Male Factor

For approximately one third of those dealing with fertility issues, the cause of infertility is a male factor problem. Most of these problems are related to sperm count and motility.

Successful evaluation and treatment of male factor infertility requires close collaboration between the urologist, the fertility specialist and the reproductive laboratory. Male infertility can be attributed to a wide array of causes, both genetic and lifestyle-oriented:

  • Absence of a vas deferens
  • Being overweight
  • Certain prescription drugs
  • Chromosomal problems affecting sperm production
  • High temperature exposure of the genitals
  • Hormonal Issues
  • Infection
  • Issues with concentration, motility and morphology
  • Obstruction
  • Past vasectomy
  • Problems in the hypothalamus or pituitary gland
  • Testicular failure
  • Tobacco/Marijuana/Alcohol use
  • Undescended testes

Assisted reproductive technology allows ZFC to overcome most male factor problems, allowing fertilization, which otherwise would be impossible.

A technological breakthrough in the mid 1990s known as Intracytoplasmic Sperm Injection has nearly eliminated all male factor problems, allowing IVF labs to inject a single sperm into a mature egg to result in normal fertilization.

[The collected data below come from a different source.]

(* Under the standing parameter and boundedness assumptions (A1)–(A3) below, there exists $C>0$ such that the extended iterates $(X')^k$ of the 3-splitting proximal point ADMM satisfy $$\mathcal{L}((X')^k)\le\mathcal{L}((X')^{k-1})-C\|(X')^k-(X')^{k-1}\|_F^2\quad\text{for all }k\ge2.$$
   Context: Data $X\in\mathbb{R}^{d\times n}$, $Y\in\mathbb{R}^{q\times n}$, $N\ge3$, $\lambda,\mu>0$, $\beta_1,\dots,\beta_N>0$. Activations $\sigma_i$ ($i\le N-1$) real analytic with $|\sigma_i|\le\psi_0,|\sigma_i'|\le\psi_1,|\sigma_i''|\le\psi_2$ on $\mathbb{R}$ ($\psi_j>0$), applied entrywise. $\|\cdot\|_F$ Frobenius norm, $\langle A,B\rangle=\mathrm{tr}(AB^T)$, $V_0:=X$. Variables $W_i\in\mathbb{R}^{d\times d}$, $U_i,V_i,\Lambda_i\in\mathbb{R}^{d\times n}$ ($i\le N-1$), $W_N\in\mathbb{R}^{q\times d}$, $V_N,\Lambda_N\in\mathbb{R}^{q\times n}$. $\mathcal{L}_\beta^{3s}=\tfrac12\|V_N-Y\|_F^2+\tfrac\lambda2\sum_{i=1}^N\|W_i\|_F^2+\tfrac\mu2\sum_{i=1}^{N-1}\|V_{i-1}+\sigma_i(U_i)-V_i\|_F^2+\sum_{i=1}^{N-1}(\langle\Lambda_i,W_iV_{i-1}-U_i\rangle+\tfrac{\beta_i}2\|W_iV_{i-1}-U_i\|_F^2)+\langle\Lambda_N,W_NV_{N-1}-V_N\rangle+\tfrac{\beta_N}2\|W_NV_{N-1}-V_N\|_F^2$. 3-splitting proximal point ADMM: arbitrary $W_i^0$; $U_i^0=W_i^0V_{i-1}^0$, $V_i^0=V_{i-1}^0+\sigma_i(U_i^0)$ ($i\le N-1$), $V_N^0=W_N^0V_{N-1}^0$, $\Lambda_i^0=O$; positive parameters $\omega_i^k$. For $k\ge1$: (a) $W_i^k=\arg\min_{W_i}\{\tfrac\lambda2\|W_i\|_F^2+\tfrac{\beta_i}2\|W_iV_{i-1}^{k-1}-U_i^{k-1}+\Lambda_i^{k-1}/\beta_i\|_F^2\}$ ($i\le N-1$) and $W_N^k=\arg\min\{\tfrac\lambda2\|W_N\|_F^2+\tfrac{\beta_N}2\|W_NV_{N-1}^{k-1}-V_N^{k-1}+\Lambda_N^{k-1}/\beta_N\|_F^2\}$; (b) for $i=1,\dots,N-1$ in order: $U_i^k$ is a (fixed) minimizer of $\tfrac\mu2\|V_{i-1}^k+\sigma_i(U_i)-V_i^{k-1}\|_F^2+\tfrac{\beta_i}2\|U_i-W_i^kV_{i-1}^k-\Lambda_i^{k-1}/\beta_i\|_F^2+\tfrac{\omega_i^{k-1}}2\|U_i-U_i^{k-1}\|_F^2$; then, if $i\le N-2$, $V_i^k=\arg\min_{V_i}\{\tfrac\mu2\|V_{i-1}^k+\sigma_i(U_i^k)-V_i\|_F^2+\tfrac\mu2\|V_i+\sigma_{i+1}(U_{i+1}^{k-1})-V_{i+1}^{k-1}\|_F^2+\tfrac{\beta_{i+1}}2\|W_{i+1}^kV_i-U_{i+1}^{k-1}+\Lambda_{i+1}^{k-1}/\beta_{i+1}\|_F^2\}$, and if $i=N-1$, $V_{N-1}^k=\arg\min\{\tfrac\mu2\|V_{N-1}-V_{N-2}^k-\sigma_{N-1}(U_{N-1}^k)\|_F^2+\tfrac{\beta_N}2\|W_N^kV_{N-1}-V_N^{k-1}+\Lambda_N^{k-1}/\beta_N\|_F^2\}$; (c) $V_N^k=\frac1{1+\beta_N}(Y+\beta_NW_N^kV_{N-1}^k+\Lambda_N^{k-1})$; (d) $\Lambda_i^k=\Lambda_i^{k-1}+\beta_i(W_i^kV_{i-1}^k-U_i^k)$ ($i\le N-1$), $\Lambda_N^k=\Lambda_N^{k-1}+\beta_N(W_N^kV_{N-1}^k-V_N^k)$. Assumptions: fix $\mathcal{V}_0^{\max}>\|X\|_F$ and $\mathcal{V}_1^{\max},\dots,\mathcal{V}_{N-1}^{\max}>0$; let $a_i:=\psi_0\psi_2+\psi_1^2+\mathcal{V}_i^{\max}\psi_2+\mathcal{V}_{i-1}^{\max}\psi_2$. (A1) $\beta_i>\max\{32(1+\sqrt2)\mu a_i,\,16\mu\psi_1^2\}$ for $i\le N-1$, and $\beta_N>1$. (A2) With $\Delta_i:=(\beta_i/4-8\mu a_i)^2-128\mu^2a_i^2$, $\hat\epsilon_i\in(0,\sqrt{\Delta_i}/32)$, $\omega_i^{\min}:=\frac{\beta_i/4-8\mu a_i-\sqrt{\Delta_i}}{16}+\hat\epsilon_i$, $\epsilon_i\in(0,\omega_i^{\min}/4)$, $\omega_i^{\max}:=\min\{\frac{\beta_i/4-8\mu a_i+\sqrt{\Delta_i}}{16}-\hat\epsilon_i,\ \sqrt{(\omega_i^{\min})^2+\beta_i\omega_i^{\min}/16-\beta_i\epsilon_i/4}\}$, the parameters satisfy $\omega_i^{\min}<\omega_i^k\le\omega_i^{k+1}<\omega_i^{\max}$ for all $k\ge0$, $i\le N-1$. (A3) The generated iterates satisfy $\|V_i^k\|_F\le\mathcal{V}_i^{\max}$ for all $i\le N-1$, $k\ge0$. Auxiliary function: for $X=(\{W_i\},\{U_i\},\{V_i\},\{\Lambda_i\})$ and extra blocks $U_i',V_i'\in\mathbb{R}^{d\times n}$ ($i\le N-1$), $X'=(X,\{U_i'\},\{V_i'\})$ and $\mathcal{L}(X'):=\mathcal{L}_\beta^{3s}(X)+\sum_{i=1}^{N-1}\theta_i\|U_i-U_i'\|_F^2+\sum_{i=1}^{N-1}\eta_i\|V_i-V_i'\|_F^2$, with $\theta_i:=4(\omega_i^{\min})^2/\beta_i+\omega_i^{\min}/4$, $\eta_i:=4\mu^2\psi_1^2/\beta_i+\mu/4$. Extended iterates: $(X')^k:=(X^k,\{U_i^{k-1}\},\{V_i^{k-1}\})$ for $k\ge1$, where $X^k$ collects all blocks at iteration $k$; norms are Frobenius norms of the concatenated blocks. *)

theory Defs
  imports "HOL-Analysis.Analysis"
begin

text \<open>Matrices in R^{m x n} are rendered as real^'n^'m (rows indexed by 'm).
  The HOL-Analysis norm on this type is the Frobenius norm and the inner
  product A \<bullet> B is tr(A B^T).\<close>

definition ent :: "(real \<Rightarrow> real) \<Rightarrow> real^'n^'m \<Rightarrow> real^'n^'m" where
  "ent f A = (\<chi> i j. f (A $ i $ j))"

definition real_analytic :: "(real \<Rightarrow> real) \<Rightarrow> bool" where
  "real_analytic f \<longleftrightarrow> (\<forall>x. \<exists>r>0. \<exists>c::nat \<Rightarrow> real.
      \<forall>y. \<bar>y - x\<bar> < r \<longrightarrow> (\<lambda>k. c k * (y - x) ^ k) sums f y)"
lemma weighted_variance_eq:
  fixes q \<theta> :: "'i \<Rightarrow> real"
  assumes "(\<Sum>i\<in>A. q i) = 1"
  shows "(\<Sum>i\<in>A. q i * (\<theta> i - (\<Sum>j\<in>A. q j * \<theta> j))\<^sup>2)
           = (\<Sum>i\<in>A. q i * (\<theta> i)\<^sup>2) - (\<Sum>i\<in>A. q i * \<theta> i)\<^sup>2"
proof -
  define \<mu> where "\<mu> = (\<Sum>j\<in>A. q j * \<theta> j)"
  have "(\<Sum>i\<in>A. q i * (\<theta> i - \<mu>)\<^sup>2)
      = (\<Sum>i\<in>A. q i * (\<theta> i)\<^sup>2 - 2 * \<mu> * (q i * \<theta> i) + \<mu>\<^sup>2 * q i)"
    by (rule sum.cong) (simp_all add: power2_diff algebra_simps)
  also have "\<dots> = (\<Sum>i\<in>A. q i * (\<theta> i)\<^sup>2) - 2 * \<mu> * (\<Sum>i\<in>A. q i * \<theta> i) + \<mu>\<^sup>2 * (\<Sum>i\<in>A. q i)"
    by (simp add: sum.distrib sum_subtractf sum_distrib_left)
  finally show ?thesis
    using assms by (simp add: \<mu>_def power2_eq_square)
qed

lemma one_minus_le_square:
  fixes c v :: real
  assumes "1 - v / 2 \<le> c" "0 \<le> c"
  shows "1 - v \<le> c\<^sup>2"
proof (cases "0 \<le> 1 - v / 2")
  case True
  then have "(1 - v / 2)\<^sup>2 \<le> c\<^sup>2" using assms(1) by (simp add: power_mono)
  moreover have "(1 - v / 2)\<^sup>2 = 1 - v + (v / 2)\<^sup>2" by (simp add: power2_eq_square algebra_simps)
  ultimately show ?thesis using zero_le_power2[of "v / 2"] by linarith
next
  case False
  then show ?thesis using zero_le_power2[of c] by linarith
qed

lemma norm_expectation_exp_i_ge:
  fixes q \<theta> :: "'i \<Rightarrow> real"
  assumes "\<And>i. i \<in> A \<Longrightarrow> 0 \<le> q i" "(\<Sum>i\<in>A. q i) = 1"
  shows "1 - ((\<Sum>i\<in>A. q i * (\<theta> i)\<^sup>2) - (\<Sum>i\<in>A. q i * \<theta> i)\<^sup>2)
           \<le> (cmod (\<Sum>i\<in>A. of_real (q i) * exp (\<i> * of_real (\<theta> i))))\<^sup>2"
proof -
  define \<mu> where "\<mu> = (\<Sum>i\<in>A. q i * \<theta> i)"
  define V where "V = (\<Sum>i\<in>A. q i * (\<theta> i)\<^sup>2) - \<mu>\<^sup>2"
  define S where "S = (\<Sum>i\<in>A. of_real (q i) * exp (\<i> * of_real (\<theta> i)))"
  have "exp (\<i> * of_real (- \<mu>)) * S = (\<Sum>i\<in>A. of_real (q i) * exp (\<i> * of_real (\<theta> i - \<mu>)))"
    unfolding S_def sum_distrib_left
    by (rule sum.cong) (simp_all add: algebra_simps flip: exp_add)
  then have "Re (exp (\<i> * of_real (- \<mu>)) * S) = (\<Sum>i\<in>A. q i * cos (\<theta> i - \<mu>))"
    by (simp add: Re_exp)
  also have "\<dots> \<ge> (\<Sum>i\<in>A. q i * (1 - (\<theta> i - \<mu>)\<^sup>2 / 2))"
    using assms(1) by (intro sum_mono mult_left_mono cos_ge_one_minus_square_half) auto
  moreover have "(\<Sum>i\<in>A. q i * (1 - (\<theta> i - \<mu>)\<^sup>2 / 2))
      = (\<Sum>i\<in>A. q i) - (\<Sum>i\<in>A. q i * (\<theta> i - \<mu>)\<^sup>2) / 2"
    by (simp add: right_diff_distrib sum_subtractf sum_divide_distrib)
  then have "(\<Sum>i\<in>A. q i * (1 - (\<theta> i - \<mu>)\<^sup>2 / 2)) = 1 - V / 2"
    using weighted_variance_eq[OF assms(2), of \<theta>] assms(2) by (simp add: V_def \<mu>_def)
  moreover have "Re (exp (\<i> * of_real (- \<mu>)) * S) \<le> cmod S"
    using complex_Re_le_cmod[of "exp (\<i> * of_real (- \<mu>)) * S"]
    by (simp only: norm_mult norm_exp_i_times mult_1)
  ultimately have "1 - V / 2 \<le> cmod S" by linarith
  then have "1 - V \<le> (cmod S)\<^sup>2"
    using norm_ge_zero by (rule one_minus_le_square)
  then show ?thesis by (simp add: V_def \<mu>_def S_def)
qed

lemma fidelity_return_ge:
  fixes H :: "real^'n::finite^'n"
  assumes "transpose H = H"
  shows "1 - h\<^sup>2 * ((H ** H) $ s $ s - (H $ s $ s)\<^sup>2) \<le> fidelity H s s h"
proof -
  obtain P l where P: "orthogonal_matrix P" "H = P ** diag_matrix l ** transpose P"
    by (rule symmetric_matrix_orthogonal_diagonalization[OF assms])
  define q where "q i = (P $ s $ i)\<^sup>2" for i
  have H_squared: "H ** H = P ** diag_matrix (\<lambda>i. l i ^ 2) ** transpose P"
    using mat_pow_diagonalizable[of "transpose P" P l 2] P
    by (simp add: orthogonal_matrix_def numeral_2_eq_2)
  have "(H ** H) $ s $ s = (\<Sum>i\<in>UNIV. q i * (l i)\<^sup>2)"
    unfolding H_squared matrix_mul_diag_matrix_mul_entry q_def
    by (rule sum.cong) (simp_all add: transpose_def power2_eq_square)
  moreover have "H $ s $ s = (\<Sum>i\<in>UNIV. q i * l i)"
    unfolding P(2) matrix_mul_diag_matrix_mul_entry q_def
    by (rule sum.cong) (simp_all add: transpose_def power2_eq_square)
  ultimately have variance: "(H ** H) $ s $ s - (H $ s $ s)\<^sup>2
      = (\<Sum>i\<in>UNIV. q i * (l i)\<^sup>2) - (\<Sum>i\<in>UNIV. q i * l i)\<^sup>2"
    by simp
  have scaled: "(\<Sum>i\<in>UNIV. q i * (h * l i)\<^sup>2) = h\<^sup>2 * (\<Sum>i\<in>UNIV. q i * (l i)\<^sup>2)"
    "(\<Sum>i\<in>UNIV. q i * (h * l i)) = h * (\<Sum>i\<in>UNIV. q i * l i)"
    by (simp_all add: power_mult_distrib sum_distrib_left mult_ac)
  have "h\<^sup>2 * ((H ** H) $ s $ s - (H $ s $ s)\<^sup>2)
      = (\<Sum>i\<in>UNIV. q i * (h * l i)\<^sup>2) - (\<Sum>i\<in>UNIV. q i * (h * l i))\<^sup>2"
    unfolding variance scaled by (simp add: power_mult_distrib right_diff_distrib)
  moreover have "1 - ((\<Sum>i\<in>UNIV. q i * (h * l i)\<^sup>2) - (\<Sum>i\<in>UNIV. q i * (h * l i))\<^sup>2)
      \<le> (cmod (\<Sum>i\<in>UNIV. of_real (q i) * exp (\<i> * of_real (h * l i))))\<^sup>2"
    using orthogonal_matrix_row_sum_squares[OF P(1)]
    by (intro norm_expectation_exp_i_ge) (simp_all add: q_def)
  moreover have "fidelity H s s h
      = (cmod (\<Sum>i\<in>UNIV. of_real (q i) * exp (\<i> * of_real (h * l i))))\<^sup>2"
    by (simp only: fidelity_orthogonal_diagonalization[OF P] q_def power2_eq_square)
  ultimately show ?thesis by linarith
qed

After the egg is fertilized, the male factor is no longer an issue and the developing embryo is then cultured, tested and ultimately transferred to the uterus thereby establishing a normal pregnancy.

Zouves Fertility Center has one of the most successful Intracytoplasmic Sperm Injection programs in California. Regardless of the severity of male sperm dysfunction, we have a 70% fertilization rate. In other words, at Zouves Fertility Center the anticipated birth rate following IVF and ICSI is the same regardless of the absence, presence or severity of male infertility. As long as there is one motile sperm available, it can be injected resulting in a normal fertilization.

Testicular Sperm Extraction (TESE)

TESE is the process of removing a small fragment of testicular tissue under local anesthesia and extracting a few viable sperm cells present in that tissue for the purpose of ICSI. TESE is recommended for men who are unable to produce sperm by ejaculation as a result of primary testicular failure, congenital absence of the vas deferens or non-reconstructed vasectomy. Even in cases where the man does not ejaculate any sperm (and doesn’t have an obstruction), with TESE we may be able to successfully remove sperm for ICSI.

TESE is usually performed the same day as the egg retrieval by a ZFC partner urologist in our office.

The ability to do ICSI and TESE have all but eliminated the need for vasectomy reversal and have significantly reduced the need for donor sperm.